What you will do:
Work out how many lines of the data contain "fixes" and reply with that number alone.

──────────

text \<open>The ball is a neighbourhood of \<open>[0, 1]\<close> whose only integer points are \<open>0\<close> and \<open>1\<close>,
  so the zeros of \<open>sin (\<pi>w)\<close> in it are removable singularities of \<open>G w / sin (\<pi>w)\<close>.\<close>

lemma holomorphic_on_div_sin_pi:
  fixes G G' :: "complex \<Rightarrow> complex"
  assumes deriv: "\<And>w. (G has_field_derivative G' w) (at w)" and G: "G 0 = 0" "G 1 = 0"
  defines "H \<equiv> \<lambda>w. if w = 0 \<or> w = 1 then G' w / (of_real pi * cos (of_real pi * w))
                    else G w / sin (of_real pi * w)"
  shows "H holomorphic_on ball (1/2) (3/4)"
proof (rule no_isolated_singularity'[where K = "{0, 1}"])
  have "sin (of_real pi * w) \<noteq> 0" if "w \<in> ball (1/2) (3/4) - {0, 1}" for w :: complex
  proof
    assume "sin (of_real pi * w) = 0"
    then obtain n :: int where "of_real pi * w = of_real (of_int n * pi)"
      using sin_eq_0 by blast
    then have n: "w = of_int n"
      by (simp add: mult.commute)
    then have "1/2 - w = of_real (1/2 - real_of_int n)"
      by simp
    then have "\<bar>1/2 - real_of_int n\<bar> < 3/4"
      using that by (metis DiffD1 mem_ball dist_norm norm_of_real)
    then have "n = 0 \<or> n = 1"
      by linarith
    then show False
      using that n by auto
  qed
  moreover have "G holomorphic_on A" for A
    using deriv by (auto simp: holomorphic_on_def field_differentiable_def intro: has_field_derivative_at_within)
  ultimately have "(\<lambda>w. G w / sin (of_real pi * w)) holomorphic_on ball (1/2) (3/4) - {0, 1}"
    by (intro holomorphic_intros) auto
  then show "H holomorphic_on ball (1/2) (3/4) - {0, 1}"
    by (rule holomorphic_transform) (auto simp: H_def)
  show "(H \<longlongrightarrow> H z) (at z within ball (1/2) (3/4))" if z: "z \<in> {0, 1}" for z
  proof -
    have sin_deriv: "((\<lambda>w. sin (of_real pi * w)) has_field_derivative
        of_real pi * cos (of_real pi * z)) (at z)"
      by (auto intro!: derivative_eq_intros)
    have "((\<lambda>w. G w / sin (of_real pi * w)) \<longlongrightarrow> H z) (at z)"
      by (rule lhopital_complex_simple[OF deriv sin_deriv])
         (use z G in \<open>auto simp: H_def simp flip: of_real_mult\<close>)
    moreover have "eventually (\<lambda>w. G w / sin (of_real pi * w) = H w) (at z)"
      unfolding eventually_at using z
      by (intro exI[of _ "1/2"]) (auto simp: H_def dist_norm)
    ultimately have "(H \<longlongrightarrow> H z) (at z)"
      by (rule Lim_transform_eventually)
    then show ?thesis
      by (rule tendsto_within_subset) simp
  qed
qed auto

lemma holomorphic_on_restrict_real_interval:
  fixes H :: "complex \<Rightarrow> complex"
  assumes H: "H holomorphic_on S" and S: "open S" "of_real ` {a..b} \<subseteq> S"
  shows "continuous_on {a..b} (\<lambda>t. H (of_real t))"
    and "continuous_on {a..b} (\<lambda>t. deriv H (of_real t))"
    and "\<And>t. t \<in> {a..b} \<Longrightarrow> ((\<lambda>t. H (of_real t)) has_vector_derivative deriv H (of_real t)) (at t)"
proof -
  have cont: "continuous_on {a..b} (\<lambda>t. F (of_real t))" if "F holomorphic_on S" for F
    using continuous_on_compose2[OF holomorphic_on_imp_continuous_on[OF that] continuous_on_of_real S(2)]
    by simp
  show "continuous_on {a..b} (\<lambda>t. H (of_real t))"
    using cont[OF H] .
  show "continuous_on {a..b} (\<lambda>t. deriv H (of_real t))"
    using cont[OF holomorphic_deriv[OF H S(1)]] .
  fix t
  assume "t \<in> {a..b}"
  then have "(H has_field_derivative deriv H (of_real t)) (at (of_real t))"
    using H S by (intro holomorphic_derivI[of _ S]) auto
  then have "((H \<circ> of_real) has_vector_derivative (1 * deriv H (of_real t))) (at t)"
    by (intro field_vector_diff_chain_at has_vector_derivative_of_real[of "\<lambda>x. x" 1, simplified])
  then show "((\<lambda>t. H (of_real t)) has_vector_derivative deriv H (of_real t)) (at t)"
    by (simp add: o_def)
qed

lemma div_sin_pi_C1_on_unit_interval:
  fixes G G' :: "complex \<Rightarrow> complex"
  assumes "\<And>w. (G has_field_derivative G' w) (at w)" and "G 0 = 0" "G 1 = 0"
  defines "H \<equiv> \<lambda>w. if w = 0 \<or> w = 1 then G' w / (of_real pi * cos (of_real pi * w))
                    else G w / sin (of_real pi * w)"
  shows "continuous_on {0..1} (\<lambda>t. H (of_real t))"
    and "continuous_on {0..1} (\<lambda>t. deriv H (of_real t))"
    and "\<And>t. t \<in> {0<..<1} \<Longrightarrow> ((\<lambda>t. H (of_real t)) has_vector_derivative deriv H (of_real t)) (at t)"
proof -
  have "H holomorphic_on ball (1/2) (3/4)"
    unfolding H_def using assms(1-3) by (rule holomorphic_on_div_sin_pi)
  moreover have "of_real ` {0..1} \<subseteq> ball (1/2 :: complex) (3/4)"
  proof
    fix z :: complex
    assume "z \<in> of_real ` {0..1::real}"
    then obtain t where "t \<in> {0..1}" "z = of_real t"
      by auto
    moreover have "1/2 - (of_real t :: complex) = of_real (1/2 - t)"
      by simp
    ultimately show "z \<in> ball (1/2) (3/4)"
      by (auto simp: dist_norm abs_if simp del: of_real_diff)
  qed
  ultimately show "continuous_on {0..1} (\<lambda>t. H (of_real t))"
    and "continuous_on {0..1} (\<lambda>t. deriv H (of_real t))"
    and "\<And>t. t \<in> {0<..<1} \<Longrightarrow> ((\<lambda>t. H (of_real t)) has_vector_derivative deriv H (of_real t)) (at t)"
    using holomorphic_on_restrict_real_interval[of H _ 0 1] by auto
qed

lemma cot_pi_of_real_eq_sum_sin:
  fixes u :: real
  assumes "0 < u" "u < 1"
  shows "cot (of_real pi * of_real u :: complex)
           = (\<Sum>j<N. 2 * sin (2 * of_real pi * of_nat (Suc j) * of_real u))
             + of_real (cos (real (2 * N + 1) * pi * u)) / sin (of_real pi * of_real u)"
proof -
  have sin_pi: "sin (of_real pi * of_real u :: complex) = of_real (sin (pi * u))"
    and cos_pi: "cos (of_real pi * of_real u :: complex) = of_real (cos (pi * u))"
    by (simp_all only: sin_of_real cos_of_real flip: of_real_mult)
  have "cot (of_real pi * of_real u :: complex) = of_real (cos (pi * u) / sin (pi * u))"
    by (simp add: cot_def sin_pi cos_pi)
  also have "cos (pi * u) / sin (pi * u)
      = (\<Sum>j<N. 2 * sin (2 * pi * real (Suc j) * u)) + cos (real (2 * N + 1) * pi * u) / sin (pi * u)"
    using cos_sub_cos_odd_multiple[of u N] sin_gt_zero[of "pi * u"] assms
    by (simp add: field_simps)
  also have "complex_of_real \<dots> = (\<Sum>j<N. 2 * sin (2 * of_real pi * of_nat (Suc j) * of_real u))
      + of_real (cos (real (2 * N + 1) * pi * u)) / sin (of_real pi * of_real u)"
  proof -
    have "sin (2 * of_real pi * of_nat (Suc j) * of_real u :: complex)
        = of_real (sin (2 * pi * real (Suc j) * u))" for j
      using sin_of_real[of "2 * pi * real (Suc j) * u"] by simp
    then show ?thesis
      by (simp add: sin_pi)
  qed
  finally show ?thesis .
qed

lemma has_integral_cot_kernel_term:
  fixes a :: complex and j :: nat
  assumes sin_a: "sin a \<noteq> 0"
  defines "b \<equiv> 2 * of_real pi * of_nat (Suc j) :: complex"
  shows "((\<lambda>u. (sin (a * of_real u) / sin a - of_real u) * (2 * sin (b * of_real u)))
           has_integral 2 * (b / (a\<^sup>2 - b\<^sup>2) + 1 / b)) {0..1}"
proof -
  have "b = of_real (2 * pi * real (Suc j))"
    by (simp add: b_def)
  then have b: "sin b = 0" "cos b = 1"
    using sin_npi[of "2 * Suc j"] cos_npi[of "2 * Suc j"]
    by (simp_all only: sin_of_real cos_of_real) (simp_all add: algebra_simps)
  then have "a - b \<noteq> 0" "a + b \<noteq> 0"
    using sin_a by (auto simp: add_eq_0_iff)
  moreover have "b \<noteq> 0"
    by (simp add: b_def del: of_nat_Suc)
  ultimately have "((\<lambda>u. (sin (a * of_real u) / sin a - of_real u) * sin (b * of_real u))
      has_integral (b / (a\<^sup>2 - b\<^sup>2) + 1 / b)) {0..1}"
    using b by (intro has_integral_sin_quotient_times_sin sin_a)
  from has_integral_mult_right[OF this, of 2] show ?thesis
    by (simp add: mult_ac)
qed

lemma integral_cot_kernel_sums:
  fixes a :: complex
  assumes sin_a: "sin a \<noteq> 0"
  defines "b \<equiv> \<lambda>j. 2 * of_real pi * of_nat (Suc j) :: complex"
  shows "(\<lambda>j. 2 * (b j / (a\<^sup>2 - (b j)\<^sup>2) + 1 / b j))
           sums integral {0..1} (\<lambda>u. (sin (a * of_real u) / sin a - of_real u) * cot (of_real pi * of_real u))"
proof -
  define G where "G w = sin (a * w) / sin a - w" for w
  define G' where "G' w = a * cos (a * w) / sin a - 1" for w
  define H where "H = (\<lambda>w. if w = 0 \<or> w = 1 then G' w / (of_real pi * cos (of_real pi * w))
      else G w / sin (of_real pi * w))"
  define f where "f u = G (of_real u) * cot (of_real pi * of_real u)" for u :: real
  define R where "R N = integral {0..1} (\<lambda>t. H (of_real t) * of_real (cos (real (2 * N + 1) * pi * t)))"
    for N
  have G_deriv: "(G has_field_derivative G' w) (at w)" for w
    unfolding G_def G'_def using sin_a by (auto intro!: derivative_eq_intros)
  have G_zeros: "G 0 = 0" "G 1 = 0"
    using sin_a by (simp_all add: G_def)
  have H_C1: "continuous_on {0..1} (\<lambda>t. H (of_real t))"
      "continuous_on {0..1} (\<lambda>t. deriv H (of_real t))"
      "\<And>t. t \<in> {0<..<1} \<Longrightarrow> ((\<lambda>t. H (of_real t)) has_vector_derivative deriv H (of_real t)) (at t)"
    unfolding H_def using div_sin_pi_C1_on_unit_interval[OF G_deriv G_zeros] by blast+
  have term_integral: "((\<lambda>u. G (of_real u) * (2 * sin (b j * of_real u)))
      has_integral 2 * (b j / (a\<^sup>2 - (b j)\<^sup>2) + 1 / b j)) {0..1}" for j
    unfolding G_def b_def by (rule has_integral_cot_kernel_term[OF sin_a])
  have expansion: "f u = (\<Sum>j<N. G (of_real u) * (2 * sin (b j * of_real u)))
      + H (of_real u) * of_real (cos (real (2 * N + 1) * pi * u))"
    if "u \<in> {0..1} - {0, 1}" for u N
    using that cot_pi_of_real_eq_sum_sin[of u N]
    by (simp add: f_def H_def b_def sum_distrib_left distrib_left)
  have "((\<lambda>u. (\<Sum>j<N. G (of_real u) * (2 * sin (b j * of_real u)))
        + H (of_real u) * of_real (cos (real (2 * N + 1) * pi * u)))
      has_integral ((\<Sum>j<N. 2 * (b j / (a\<^sup>2 - (b j)\<^sup>2) + 1 / b j)) + R N)) {0..1}" for N
    unfolding R_def
    by (intro has_integral_add has_integral_sum term_integral integrable_integral
        integrable_continuous_interval continuous_intros H_C1 finite_lessThan)
  then have partial_sums: "(f has_integral ((\<Sum>j<N. 2 * (b j / (a\<^sup>2 - (b j)\<^sup>2) + 1 / b j)) + R N)) {0..1}"
    for N
    using has_integral_spike_finite[of "{0, 1}" "{0..1}" f, OF _ expansion[where N = N]] by simp
  have "(\<Sum>j<N. 2 * (b j / (a\<^sup>2 - (b j)\<^sup>2) + 1 / b j)) = integral {0..1} f - R N" for N
    using integral_unique[OF partial_sums[of N]] by (simp only: eq_diff_eq)
  moreover have "R \<longlonglongrightarrow> 0"
    unfolding R_def by (rule integral_mult_cos_odd_multiple_tendsto_0[OF H_C1])
  then have "(\<lambda>N. integral {0..1} f - R N) \<longlonglongrightarrow> integral {0..1} f"
    using tendsto_diff[OF tendsto_const] by fastforce
  ultimately have "(\<lambda>j. 2 * (b j / (a\<^sup>2 - (b j)\<^sup>2) + 1 / b j)) sums integral {0..1} f"
    by (simp only: sums_def)
  then show ?thesis
    by (simp add: f_def[abs_def] G_def)
qed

──────────

Exercise result:
6